Nonetheless, the current study has important implications for older adult and childhood interventions by providing a more nuanced understanding of the aetiology of psychological distress. Firstly, it highlights the importance of providing support to reduce the adverse mental health impact of the pandemic among older adults, especially those with pre-existing risk factors. It also demonstrates a need for greater access to psychotherapeutic programmes to combat the impact of ACEs on later-life health [82], especially considering the likely increase in ACEs during the pandemic [83] and the fact that ACEs were a consistent predictor of psychological distress. These could include psychosocial interventions to manage the deleterious effects of ACEs and reduce stress levels or pharmacological therapies targeting biological pathways including the HPA-axis to improve symptoms. Finally, the findings are not only relevant in the context of the pandemic but can be translated more widely to understanding how individuals may react psychologically to new environmental stressors.

To conclude, this study suggests that individuals with ACEs are at greater risk of psychological distress during the COVID-19 pandemic. ACEs appear to be a more reliable marker of vulnerability compared to cortisol and CRP. However, dysregulated biomarkers of HPA-axis activity and inflammation pre-pandemic were also related to greater pandemic psychological distress.
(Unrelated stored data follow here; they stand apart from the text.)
lemma linprod_doubling:
  assumes "\<forall>r\<in>#R. cmod (x - r) \<le> 2 * cmod (y - r)"
  shows "cmod (poly (linprod R) x) \<le> 2 ^ size R * cmod (poly (linprod R) y)"
  using assms
proof (induction R)
  case empty
  then show ?case by (simp add: linprod_def)
next
  case (add r R)
  then have "cmod (x - r) * cmod (poly (linprod R) x) \<le> (2 * cmod (y - r)) * (2 ^ size R * cmod (poly (linprod R) y))"
    by (intro mult_mono) auto
  then show ?case
    by (simp only: linprod_add_mset poly_mult norm_mult size_add_mset power_Suc poly_linear_factor)
      (simp add: algebra_simps)
qed

lemma higher_pderiv_bound:
  fixes p :: "complex poly"
  assumes "p \<noteq> 0" "D > 0" "\<And>r. poly p r = 0 \<Longrightarrow> D \<le> cmod (x - r)"
  shows "cmod (poly ((pderiv ^^ k) p) x) * D ^ k \<le> real (degree p) ^ k * cmod (poly p x)"
proof -
  have roots: "\<forall>r\<in>#proots p. D \<le> cmod (x - r)" using assms by auto
  have "cmod (poly ((pderiv ^^ k) p) x) * D ^ k
      = cmod (lead_coeff p) * (cmod (poly ((pderiv ^^ k) (linprod (proots p))) x) * D ^ k)"
    by (subst poly_eq_smult_linprod) (simp add: higher_pderiv_smult norm_mult)
  also have "\<dots> \<le> cmod (lead_coeff p) * (real (size (proots p)) ^ k * cmod (poly (linprod (proots p)) x))"
    by (intro mult_left_mono linprod_higher_pderiv_bound[OF assms(2) roots]) auto
  also have "\<dots> = real (degree p) ^ k * cmod (poly p x)"
    by (subst (3) poly_eq_smult_linprod) (simp add: size_proots_complex norm_mult)
  finally show ?thesis .
qed

lemma higher_pderiv_ratio_bound:
  fixes p :: "complex poly"
  assumes "p \<noteq> 0" "real (degree p) \<le> D" "D > 0" "\<And>r. poly p r = 0 \<Longrightarrow> D \<le> cmod (x - r)" "j \<le> k"
  shows "cmod (poly ((pderiv ^^ k) p) x) \<le> (real (degree p) / D) ^ j * cmod (poly p x)"
proof -
  have "cmod (poly ((pderiv ^^ k) p) x) \<le> real (degree p) ^ k * cmod (poly p x) / D ^ k"
    using higher_pderiv_bound[OF assms(1,3,4), of k] assms(3) by (simp add: pos_le_divide_eq)
  also have "\<dots> = (real (degree p) / D) ^ k * cmod (poly p x)"
    by (simp add: power_divide)
  also have "\<dots> \<le> (real (degree p) / D) ^ j * cmod (poly p x)"
    using assms by (intro mult_right_mono power_decreasing) auto
  finally show ?thesis .
qed

lemma doubling_bound:
  fixes p :: "complex poly"
  assumes "p \<noteq> 0" "degree p \<le> N" "\<And>r. poly p r = 0 \<Longrightarrow> cmod (x - y) \<le> cmod (y - r)"
  shows "cmod (poly p x) \<le> 2 ^ N * cmod (poly p y)"
proof -
  have "cmod (x - r) \<le> 2 * cmod (y - r)" if "r \<in># proots p" for r
    using norm_triangle_ineq[of "x - y" "y - r"] assms(3)[of r] assms(1) that by simp
  then have "cmod (poly (linprod (proots p)) x) \<le> 2 ^ degree p * cmod (poly (linprod (proots p)) y)"
    using linprod_doubling[where R = "proots p" and x = x and y = y] by (simp add: size_proots_complex)
  moreover have "cmod (poly p z) = cmod (lead_coeff p) * cmod (poly (linprod (proots p)) z)" for z
    using poly_eq_smult_linprod[of p] by (metis norm_mult poly_smult)
  ultimately have "cmod (poly p x) \<le> 2 ^ degree p * cmod (poly p y)"
    by (simp add: mult_left_mono mult.left_commute)
  also have "\<dots> \<le> 2 ^ N * cmod (poly p y)"
    using assms(2) by (intro mult_right_mono power_increasing) auto
  finally show ?thesis .
qed

lemma higher_pderiv_transfer_bound:
  fixes p :: "complex poly"
  assumes p0: "p \<noteq> 0" and deg: "degree p \<le> N" "real (degree p) \<le> D"
    and D: "D > 0" and zy: "cmod (z - y) \<le> D"
    and far: "\<And>r. poly p r = 0 \<Longrightarrow> D \<le> cmod (y - r) \<and> D \<le> cmod (z - r)"
    and jk: "j \<le> k"
  shows "cmod (poly ((pderiv ^^ k) p) z) \<le> (real (degree p) / D) ^ j * (2 ^ N * cmod (poly p y))"
proof -
  have "cmod (poly ((pderiv ^^ k) p) z) \<le> (real (degree p) / D) ^ j * cmod (poly p z)"
    using jk far by (intro higher_pderiv_ratio_bound[OF p0 deg(2) D]) auto
  also have "\<dots> \<le> (real (degree p) / D) ^ j * (2 ^ N * cmod (poly p y))"
  proof (intro mult_left_mono doubling_bound[OF p0 deg(1)])
    show "cmod (z - y) \<le> cmod (y - r)" if "poly p r = 0" for r
      using far[OF that] zy by linarith
  qed (use D in simp)
  finally show ?thesis .
qed

lemma higher_pderiv_bound_by_pderiv:
  fixes f :: "complex poly"
  assumes f'0: "pderiv f \<noteq> 0" and deg: "degree (pderiv f) \<le> N" "real (degree (pderiv f)) \<le> L"
    and L: "L > 0" and zy: "cmod (z - y) \<le> L"
    and far: "\<And>v. poly (pderiv f) v = 0 \<Longrightarrow> L \<le> cmod (y - v) \<and> L \<le> cmod (z - v)"
    and jk: "j < k"
  shows "cmod (poly ((pderiv ^^ k) f) z) \<le> (real (degree (pderiv f)) / L) ^ j * (2 ^ N * cmod (poly (pderiv f) y))"
proof -
  have "(pderiv ^^ k) f = (pderiv ^^ (k - 1)) (pderiv f)"
    using jk by (metis Suc_pred' funpow_Suc_right gr_zeroI not_less_zero o_apply)
  then show ?thesis
    using jk by (simp only:) (rule higher_pderiv_transfer_bound[OF f'0 deg L zy far]; simp)
qed
lemma sch_christ_components:
  assumes "0 < m" "sch_dom m x"
  defines "f \<equiv> sch_f m (x$1)"
  shows "sch_christ m x A B $ 0 = m / ((x$1)^2 * f) * (A$0 * B$1 + A$1 * B$0)"
    and "sch_christ m x A B $ 1 = f * m / (x$1)^2 * (A$0 * B$0) - m / ((x$1)^2 * f) * (A$1 * B$1)
           - x$1 * f * (A$2 * B$2) - x$1 * f * (sin (x$2))^2 * (A$3 * B$3)"
    and "sch_christ m x A B $ 2 = (A$1 * B$2 + A$2 * B$1) / x$1 - sin (x$2) * cos (x$2) * (A$3 * B$3)"
    and "sch_christ m x A B $ 3 = (A$1 * B$3 + A$3 * B$1) / x$1
           + cos (x$2) / sin (x$2) * (A$2 * B$3 + A$3 * B$2)"
proof -
  note pos = sch_dom_positive[OF assms(1,2)]
  note christ = sch_christ_def sch_Gamma_diagonal[OF assms(1,2)] sum_4_from_0
    sch_dgdiag_def sch_gdiag_def
  show "sch_christ m x A B $ 0 = m / ((x$1)^2 * f) * (A$0 * B$1 + A$1 * B$0)"
    using pos unfolding f_def by (simp add: christ) (simp add: field_simps power2_eq_square)
  show "sch_christ m x A B $ 1 = f * m / (x$1)^2 * (A$0 * B$0) - m / ((x$1)^2 * f) * (A$1 * B$1)
           - x$1 * f * (A$2 * B$2) - x$1 * f * (sin (x$2))^2 * (A$3 * B$3)"
    using pos unfolding f_def by (simp add: christ) (simp add: field_simps power2_eq_square)
  show "sch_christ m x A B $ 2 = (A$1 * B$2 + A$2 * B$1) / x$1 - sin (x$2) * cos (x$2) * (A$3 * B$3)"
    using pos by (simp add: christ) (simp add: field_simps power2_eq_square sch_f_def)
  show "sch_christ m x A B $ 3 = (A$1 * B$3 + A$3 * B$1) / x$1
           + cos (x$2) / sin (x$2) * (A$2 * B$3 + A$3 * B$2)"
    using pos by (simp add: christ) (simp add: field_simps power2_eq_square sch_f_def)
qed

lemma sch_g_U:
  assumes "0 < sch_f m (x$1)"
  shows "sch_g m x w (sch_U m x) = - sqrt (sch_f m (x$1)) * w$0"
  using assms unfolding sch_g_def sch_U_def
  by (simp add: axis_def) (simp add: field_simps real_sqrt_divide)

lemma sch_unit_timelike_time_component:
  assumes "0 < m" "sch_dom m x" "sch_g m x w w = -1"
  shows "1 + (inverse (sch_f m (x$1)) * (w$1)^2 + (x$1)^2 * (w$2)^2
               + (x$1)^2 * (sin (x$2))^2 * (w$3)^2) = sch_f m (x$1) * (w$0)^2"
    and "1 \<le> sch_f m (x$1) * (w$0)^2"
proof -
  show eq: "1 + (inverse (sch_f m (x$1)) * (w$1)^2 + (x$1)^2 * (w$2)^2
               + (x$1)^2 * (sin (x$2))^2 * (w$3)^2) = sch_f m (x$1) * (w$0)^2"
    using assms(3) unfolding sch_g_def by (simp add: power2_eq_square)
  show "1 \<le> sch_f m (x$1) * (w$0)^2"
    unfolding eq[symmetric] using sch_dom_positive[OF assms(1,2)] by simp
qed

text \<open>The relative velocity has no \<open>t\<close>-component and spatial part \<open>w\<^sup>i / (\<surd>f w\<^sup>t)\<close>.\<close>
lemma sch_g_rel_vel_U:
  assumes "0 < m" "sch_dom m x" "sch_g m x w w = -1"
  shows "sch_g m x (rel_vel m x w (sch_U m x)) (rel_vel m x w (sch_U m x))
           = 1 - 1 / (sch_f m (x$1) * (w$0)^2)"
proof -
  define f where "f = sch_f m (x$1)"
  define s where "s = sqrt f"
  define P where "P = inverse f * (w$1)^2 + (x$1)^2 * (w$2)^2 + (x$1)^2 * (sin (x$2))^2 * (w$3)^2"
  have f: "0 < f" using sch_dom_positive[OF assms(1,2)] by (simp add: f_def)
  then have s: "0 < s" "s * s = f" by (auto simp: s_def)
  have P: "0 \<le> P" using f by (simp add: P_def)
  have fw: "f * (w$0)^2 = 1 + P" and "1 \<le> f * (w$0)^2"
    using sch_unit_timelike_time_component[OF assms] by (simp_all add: f_def P_def)
  then have w0: "w$0 \<noteq> 0" by auto
  define R where "R = rel_vel m x w (sch_U m x)"
  have gU: "sch_g m x w (sch_U m x) = - (s * w$0)"
    using sch_g_U[of m x w] f by (simp add: f_def s_def)
  have R0: "R$0 = 0"
    unfolding R_def rel_vel_def gU using s w0
    by (simp add: sch_U_def axis_def f_def[symmetric] s_def[symmetric] field_simps)
  have R: "R$1 = w$1 / (s * w$0)" "R$2 = w$2 / (s * w$0)" "R$3 = w$3 / (s * w$0)"
    unfolding R_def rel_vel_def gU by (simp_all add: sch_U_def axis_def)
  have sq: "(a / (s * w$0))^2 = a^2 / (f * (w$0)^2)" for a
    using s by (simp add: power_divide power_mult_distrib power2_eq_square)
  have "sch_g m x R R = inverse f * (R$1)^2 + (x$1)^2 * (R$2)^2 + (x$1)^2 * (sin (x$2))^2 * (R$3)^2"
    unfolding sch_g_def R0 f_def by (simp add: power2_eq_square)
  also have "\<dots> = P / (f * (w$0)^2)"
    unfolding R sq P_def using f w0 by (simp add: field_simps)
  also have "\<dots> = 1 - 1 / (f * (w$0)^2)" using fw P by (simp add: field_simps)
  finally show ?thesis unfolding R_def f_def .
qed

text \<open>Metric compatibility \<open>\<nabla>g = 0\<close> in coordinates: \<open>2 g(V, \<Gamma>(X,V)) = X(g)(V,V)\<close>.\<close>
lemma sch_g_christ_compatible:
  assumes "0 < m" "sch_dom m x"
  shows "2 * sch_g m x V (sch_christ m x X V)
           = (\<Sum>l\<in>UNIV. X$l * (\<Sum>i\<in>UNIV. sch_dgdiag m x l i * (V$i)^2))"
  using sch_dom_positive[OF assms(1,2)]
  by (simp add: sum_4_from_0 sch_dgdiag_def sch_g_def sch_christ_components[OF assms(1,2)]
      field_simps power2_eq_square)

lemma has_real_derivative_sch_f:
  assumes "(x has_vector_derivative x') (at s within S)" "0 < x s $ 1"
  shows "((\<lambda>s. sch_f m (x s $ 1)) has_real_derivative 2 * m / (x s $ 1)^2 * x'$1) (at s within S)"
  unfolding sch_f_def using assms(2)
  by (auto intro!: derivative_eq_intros vec_nth_has_real_derivative[OF assms(1)]
      simp: field_simps power2_eq_square)

lemma has_real_derivative_sch_g_along:
  assumes x: "(x has_vector_derivative x') (at s within S)"
    and v: "(v has_vector_derivative v') (at s within S)"
    and "0 < m" "sch_dom m (x s)"
  shows "((\<lambda>s. sch_g m (x s) (v s) (v s)) has_real_derivative
     2 * sch_g m (x s) (v s) v' + (\<Sum>l\<in>UNIV. x'$l * (\<Sum>i\<in>UNIV. sch_dgdiag m (x s) l i * (v s$i)^2)))
     (at s within S)"
proof -
  note pos = sch_dom_positive[OF assms(3,4)]
  have g: "(\<lambda>s. sch_g m (x s) (v s) (v s)) = (\<lambda>s. - sch_f m (x s $ 1) * (v s $ 0)^2
      + inverse (sch_f m (x s $ 1)) * (v s $ 1)^2
      + (x s $ 1)^2 * (v s $ 2)^2 + (x s $ 1)^2 * (sin (x s $ 2))^2 * (v s $ 3)^2)"
    by (simp add: sch_g_def power2_eq_square fun_eq_iff)
  show ?thesis
    unfolding g using pos
    by (auto intro!: derivative_eq_intros has_real_derivative_sch_f[OF x pos(1)]
        vec_nth_has_real_derivative[OF x] vec_nth_has_real_derivative[OF v]
        simp: sum_4_from_0 sch_dgdiag_def sch_g_def field_simps power2_eq_square)
qed

lemma sch_geodesic_facts:
  assumes "0 < m" "sch_geodesic m \<psi> a b" "s \<in> {a..b}"
  shows "sch_dom m (\<psi> s)"
    and "(\<psi> has_vector_derivative vector_derivative \<psi> (at s within {a..b})) (at s within {a..b})"
    and "((\<lambda>\<sigma>. vector_derivative \<psi> (at \<sigma> within {a..b})) has_vector_derivative
           - sch_christ m (\<psi> s) (vector_derivative \<psi> (at s within {a..b}))
               (vector_derivative \<psi> (at s within {a..b}))) (at s within {a..b})"
  using assms(2,3) unfolding sch_geodesic_def by (auto simp: vector_derivative_works[symmetric])

text \<open>Conservation of the energy \<open>f \<cdot> dt/ds\<close> associated with the Killing field \<open>\<partial>\<^sub>t\<close>.\<close>
lemma sch_geodesic_energy_const:
  assumes "0 < m" "sch_geodesic m \<psi> a b" "s \<in> {a..b}"
  shows "sch_f m (\<psi> s $ 1) * vector_derivative \<psi> (at s within {a..b}) $ 0
       = sch_f m (\<psi> a $ 1) * vector_derivative \<psi> (at a within {a..b}) $ 0"
proof -
  define X where "X = (\<lambda>\<sigma>. vector_derivative \<psi> (at \<sigma> within {a..b}))"
  then have X_at: "vector_derivative \<psi> (at \<sigma> within {a..b}) = X \<sigma>" for \<sigma>
    by simp
  have "((\<lambda>s. sch_f m (\<psi> s $ 1) * X s $ 0) has_real_derivative 0) (at s within {a..b})"
    if s: "s \<in> {a..b}" for s
  proof -
    note geo = sch_geodesic_facts[OF assms(1,2) s, unfolded X_at]
    note Df = has_real_derivative_sch_f[OF geo(2) sch_dom_positive(1)[OF assms(1) geo(1)]]
    have "((\<lambda>s. sch_f m (\<psi> s $ 1) * X s $ 0) has_real_derivative
        2 * m / (\<psi> s $ 1)^2 * X s $ 1 * X s $ 0
        + (- sch_christ m (\<psi> s) (X s) (X s)) $ 0 * sch_f m (\<psi> s $ 1)) (at s within {a..b})"
      by (rule DERIV_mult[OF Df vec_nth_has_real_derivative[OF geo(3)]])
    then show ?thesis
      using sch_dom_positive[OF assms(1) geo(1)]
      by (simp add: sch_christ_components[OF assms(1) geo(1)] field_simps power2_eq_square)
  qed
  from has_real_derivative_zero_interval_const[OF this assms(3)] show ?thesis by (simp add: X_at)
qed

lemma sch_parallel_sqrt_f_time_const:
  assumes "0 < m" "sch_geodesic m \<psi> a b" "sch_parallel m \<psi> V a b" "s \<in> {a..b}"
    and "\<And>\<sigma>. \<sigma> \<in> {a..b} \<Longrightarrow> vector_derivative \<psi> (at \<sigma> within {a..b}) $ 0 = 0"
  shows "sqrt (sch_f m (\<psi> s $ 1)) * V s $ 0 = sqrt (sch_f m (\<psi> a $ 1)) * V a $ 0"
proof -
  define X where "X = (\<lambda>\<sigma>. vector_derivative \<psi> (at \<sigma> within {a..b}))"
  then have X_at: "vector_derivative \<psi> (at \<sigma> within {a..b}) = X \<sigma>" for \<sigma>
    by simp
  have "((\<lambda>s. sqrt (sch_f m (\<psi> s $ 1)) * V s $ 0) has_real_derivative 0) (at s within {a..b})"
    if s: "s \<in> {a..b}" for s
  proof -
    note geo = sch_geodesic_facts[OF assms(1,2) s, unfolded X_at]
    note Df = has_real_derivative_sch_f[OF geo(2) sch_dom_positive(1)[OF assms(1) geo(1)]]
    note pos = sch_dom_positive[OF assms(1) geo(1)]
    have DV: "(V has_vector_derivative - sch_christ m (\<psi> s) (X s) (V s)) (at s within {a..b})"
      using assms(3) s unfolding sch_parallel_def X_at by auto
    have "((\<lambda>s. sqrt (sch_f m (\<psi> s $ 1))) has_real_derivative
        inverse (sqrt (sch_f m (\<psi> s $ 1))) / 2 * (2 * m / (\<psi> s $ 1)^2 * X s $ 1)) (at s within {a..b})"
      by (rule DERIV_chain2[OF DERIV_real_sqrt Df]) (use pos in simp)
    then have "((\<lambda>s. sqrt (sch_f m (\<psi> s $ 1)) * V s $ 0) has_real_derivative
       inverse (sqrt (sch_f m (\<psi> s $ 1))) / 2 * (2 * m / (\<psi> s $ 1)^2 * X s $ 1) * V s $ 0
        + (- sch_christ m (\<psi> s) (X s) (V s)) $ 0 * sqrt (sch_f m (\<psi> s $ 1))) (at s within {a..b})"
      by (rule DERIV_mult[OF _ vec_nth_has_real_derivative[OF DV]])
    moreover have "sqrt (sch_f m (\<psi> s $ 1)) * sqrt (sch_f m (\<psi> s $ 1)) = sch_f m (\<psi> s $ 1)"
      using pos by simp
    ultimately show ?thesis
      using pos assms(5)[OF s]
      by (simp add: X_at sch_christ_components[OF assms(1) geo(1)] field_simps power2_eq_square)
  qed
  from has_real_derivative_zero_interval_const[OF this assms(4)] show ?thesis .
qed

lemma sch_parallel_g_const:
  assumes "0 < m" "sch_geodesic m \<psi> a b" "sch_parallel m \<psi> V a b" "s \<in> {a..b}"
  shows "sch_g m (\<psi> s) (V s) (V s) = sch_g m (\<psi> a) (V a) (V a)"
proof -
  define X where "X = (\<lambda>\<sigma>. vector_derivative \<psi> (at \<sigma> within {a..b}))"
  then have X_at: "vector_derivative \<psi> (at \<sigma> within {a..b}) = X \<sigma>" for \<sigma>
    by simp
  have "((\<lambda>s. sch_g m (\<psi> s) (V s) (V s)) has_real_derivative 0) (at s within {a..b})"
    if s: "s \<in> {a..b}" for s
  proof -
    note geo = sch_geodesic_facts[OF assms(1,2) s, unfolded X_at]
    have "(V has_vector_derivative - sch_christ m (\<psi> s) (X s) (V s)) (at s within {a..b})"
      using assms(3) s unfolding sch_parallel_def X_at by auto
    note D = has_real_derivative_sch_g_along[OF geo(2) this assms(1) geo(1)]
    have "sch_g m (\<psi> s) (V s) (- w) = - sch_g m (\<psi> s) (V s) w" for w
      by (simp add: sch_g_def)
    then show ?thesis
      using D by (simp add: sch_g_christ_compatible[OF assms(1) geo(1), symmetric])
  qed
  from has_real_derivative_zero_interval_const[OF this assms(4)] show ?thesis .
qed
This implicates two biological pathways underlying psychological responses to new environmental stressors. Interactions between ACEs and hair cortisol on psychological distress during the pandemic were identified. Given the recognised role of the HPA-axis in the development of mental health conditions, the stress response system may characterise one of the main psychobiological mechanisms underlying the association of early adversity with poor adulthood mental health. Future longitudinal research that considers covariates including age, type and timing of adversity, different inflammatory markers (e.g., IL-6), and cortisol measurement, are necessary to understand the nuances of the biological pathways linking ACEs to psychopathology.